RECORDED INFORMATION START

(* Let $f:\mathbb{R}^n\to\mathbb{R}^n$ be a polynomial vector field (each component $f_j$ is a polynomial in $x=(x_1,\ldots,x_n)$ with real coefficients), and let $G$ be the weighted dependency graph of $f$. Suppose that for every cycle $c$ of $G$, the weight $\gamma_c$ is a constant function of $x$. Then $f$ is super-linearizable, i.e., the system $\dot x(t)=f(x(t))$ admits a super-linearization.
   Context: Weighted dependency graph: for a differentiable $f:\mathbb{R}^n\to\mathbb{R}^n$, $G$ is the directed graph (self-loops allowed) on nodes $v_1,\ldots,v_n$ where, with $\gamma_{ij}(x):=\frac{\partial f_j(x)}{\partial x_i}$ for $1\le i,j\le n$, there is a directed edge $v_iv_j$ (from $v_i$ to $v_j$; a self-loop if $i=j$) precisely when $\gamma_{ij}$ is not identically zero, and this edge has weight $\gamma_{ij}$. A cycle is a closed walk $c=v_{i_1}v_{i_2}\cdots v_{i_k}v_{i_1}$ ($k\ge 1$, with $v_{i_1},\ldots,v_{i_k}$ distinct and consecutive nodes joined by edges of $G$; a self-loop is a cycle with $k=1$). For a walk $w=v_{j_1}v_{j_2}\cdots v_{j_r}$, its weight is $\gamma_w:=\prod_{s=1}^{r-1}\gamma_{j_sj_{s+1}}$. Super-linearization: let $\Pi:\mathbb{R}^{n+m}\to\mathbb{R}^n$ be the projection $\Pi(z)=(z_1,\ldots,z_n)$. A vector field $f:\mathbb{R}^n\to\mathbb{R}^n$ is super-linearizable if there exist an integer $m\ge 0$, a matrix $A\in\mathbb{R}^{(n+m)\times(n+m)}$, a vector $D\in\mathbb{R}^{n+m}$ and an injective map $p:\mathbb{R}^n\to\mathbb{R}^m$ (the observables) such that for all $x_0\in\mathbb{R}^n$ and all $t$, $\Pi\big(e^{t(Az+D)}z_0\big)=e^{tf}x_0$ where $z_0=(x_0,p(x_0))$. Here $e^{tg}y_0$ denotes the solution at time $t$ of $\dot y=g(y)$ with initial state $y_0$. *)

theory Defs
  imports "HOL-Analysis.Analysis"
begin

text \<open>Points of R^n are represented as functions nat => real; only the
coordinates 0..n-1 matter. The carrier of R^n is the set of such functions
vanishing at indices >= n.\<close>

definition Rn :: "nat \<Rightarrow> (nat \<Rightarrow> real) set" where
  "Rn n = {x. \<forall>i\<ge>n. x i = 0}"

inductive poly_fun :: "nat \<Rightarrow> ((nat \<Rightarrow> real) \<Rightarrow> real) \<Rightarrow> bool" for n where
  const: "poly_fun n (\<lambda>x. c)"
| var: "i < n \<Longrightarrow> poly_fun n (\<lambda>x. x i)"
| add: "poly_fun n p \<Longrightarrow> poly_fun n q \<Longrightarrow> poly_fun n (\<lambda>x. p x + q x)"
| mult: "poly_fun n p \<Longrightarrow> poly_fun n q \<Longrightarrow> poly_fun n (\<lambda>x. p x * q x)"

definition poly_vector_field :: "nat \<Rightarrow> ((nat \<Rightarrow> real) \<Rightarrow> (nat \<Rightarrow> real)) \<Rightarrow> bool" where
  "poly_vector_field n f \<longleftrightarrow> (\<forall>j<n. poly_fun n (\<lambda>x. f x j))"

definition gamma :: "((nat \<Rightarrow> real) \<Rightarrow> (nat \<Rightarrow> real)) \<Rightarrow> nat \<Rightarrow> nat \<Rightarrow> (nat \<Rightarrow> real) \<Rightarrow> real" where
  "gamma f i j x = deriv (\<lambda>s. f (x(i := s)) j) (x i)"

definition dep_edge :: "nat \<Rightarrow> ((nat \<Rightarrow> real) \<Rightarrow> (nat \<Rightarrow> real)) \<Rightarrow> nat \<Rightarrow> nat \<Rightarrow> bool" where
  "dep_edge n f i j \<longleftrightarrow> i < n \<and> j < n \<and> (\<exists>x\<in>Rn n. gamma f i j x \<noteq> 0)"

definition dep_cycle :: "nat \<Rightarrow> ((nat \<Rightarrow> real) \<Rightarrow> (nat \<Rightarrow> real)) \<Rightarrow> nat list \<Rightarrow> bool" where
  "dep_cycle n f c \<longleftrightarrow> c \<noteq> [] \<and> distinct c \<and>
     (\<forall>s<length c. dep_edge n f (c ! s) (c ! ((s + 1) mod length c)))"

definition cycle_weight :: "((nat \<Rightarrow> real) \<Rightarrow> (nat \<Rightarrow> real)) \<Rightarrow> nat list \<Rightarrow> (nat \<Rightarrow> real) \<Rightarrow> real" where
  "cycle_weight f c x = (\<Prod>s<length c. gamma f (c ! s) (c ! ((s + 1) mod length c)) x)"

definition is_solution :: "nat \<Rightarrow> ((nat \<Rightarrow> real) \<Rightarrow> (nat \<Rightarrow> real)) \<Rightarrow> real set \<Rightarrow>
    (nat \<Rightarrow> real) \<Rightarrow> (real \<Rightarrow> nat \<Rightarrow> real) \<Rightarrow> bool" where
  "is_solution n f T x0 x \<longleftrightarrow> 0 \<in> T \<and> (\<forall>t\<in>T. x t \<in> Rn n) \<and> (\<forall>i<n. x 0 i = x0 i) \<and>
     (\<forall>t\<in>T. \<forall>i<n. ((\<lambda>s. x s i) has_real_derivative f (x t) i) (at t))"

text \<open>Super-linearizability: there are m, A in R^((n+m)x(n+m)), D in R^(n+m) and an
injective p : R^n -> R^m such that for every x0 in R^n, the solution z of
zdot = A z + D with z(0) = (x0, p x0) (global, since the system is affine) projects
onto the solution of xdot = f(x) from x0, at every time t where the latter is defined
(i.e. on every open interval around 0 on which a solution exists).\<close>

definition super_linearizable :: "nat \<Rightarrow> ((nat \<Rightarrow> real) \<Rightarrow> (nat \<Rightarrow> real)) \<Rightarrow> bool" where
  "super_linearizable n f \<longleftrightarrow>
    (\<exists>(m::nat) (A::nat \<Rightarrow> nat \<Rightarrow> real) (D::nat \<Rightarrow> real) (p::(nat \<Rightarrow> real) \<Rightarrow> (nat \<Rightarrow> real)).
       (\<forall>x\<in>Rn n. \<forall>y\<in>Rn n. (\<forall>k<m. p x k = p y k) \<longrightarrow> x = y) \<and>
       (\<forall>x0\<in>Rn n. \<forall>z::real \<Rightarrow> nat \<Rightarrow> real.
          ((\<forall>k<n. z 0 k = x0 k) \<and> (\<forall>k<m. z 0 (n + k) = p x0 k) \<and>
           (\<forall>t. \<forall>k<n+m. ((\<lambda>s. z s k) has_real_derivative
                 ((\<Sum>l<n+m. A k l * z t l) + D k)) (at t)))
          \<longrightarrow> (\<forall>a b x. a < 0 \<and> 0 < b \<and> is_solution n f {a<..<b} x0 x
                 \<longrightarrow> (\<forall>t\<in>{a<..<b}. \<forall>i<n. z t i = x t i))))"

end

theory Submission
  imports Defs "HOL-Computational_Algebra.Polynomial" "HOL-Library.Transitive_Closure_Table"
begin

text \<open>An edge v_i v_j with v_j reaching v_i lies on a cycle; the cycle weight is a nonzero constant
  product of polynomial edge weights, so each of them is constant. Hence f_j is linear in the
  variables that are not strictly upstream of v_j, plus a polynomial in the strictly upstream ones.
  Giving x_i the weight B^u(i), where u(i) counts the nodes strictly upstream of v_i and B is large,
  every f_j gets weighted degree at most the weight of x_j. Substituting f for x then never raises
  weighted degrees, so the finitely many monomials of bounded weighted degree, among them the
  coordinates, span a space invariant under differentiation along f: they are the observables of
  a super-linearization.\<close>

section \<open>Polynomial functions\<close>

lemma poly_fun_on_line:
  assumes "poly_fun n p"
  shows "\<exists>P. \<forall>s. p (\<lambda>k. x k + s * v k) = poly P s"
  using assms
proof induction
  case (const c) show ?case by (intro exI[of _ "[:c:]"]) simp
next
  case (var i) show ?case by (intro exI[of _ "[:x i, v i:]"]) simp
next
  case (add p q)
  then obtain P Q where "\<forall>s. p (\<lambda>k. x k + s * v k) = poly P s" "\<forall>s. q (\<lambda>k. x k + s * v k) = poly Q s"
    by blast
  then show ?case by (intro exI[of _ "P + Q"]) simp
next
  case (mult p q)
  then obtain P Q where "\<forall>s. p (\<lambda>k. x k + s * v k) = poly P s" "\<forall>s. q (\<lambda>k. x k + s * v k) = poly Q s"
    by blast
  then show ?case by (intro exI[of _ "P * Q"]) simp
qed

RECORDED INFORMATION END

→ WHAT YOU HAVE TO DO
Take from the material every line that holds "length".

→ RESULT OF THE EXERCISE
     (\<forall>s<length c. dep_edge n f (c ! s) (c ! ((s + 1) mod length c)))"
  "cycle_weight f c x = (\<Prod>s<length c. gamma f (c ! s) (c ! ((s + 1) mod length c)) x)"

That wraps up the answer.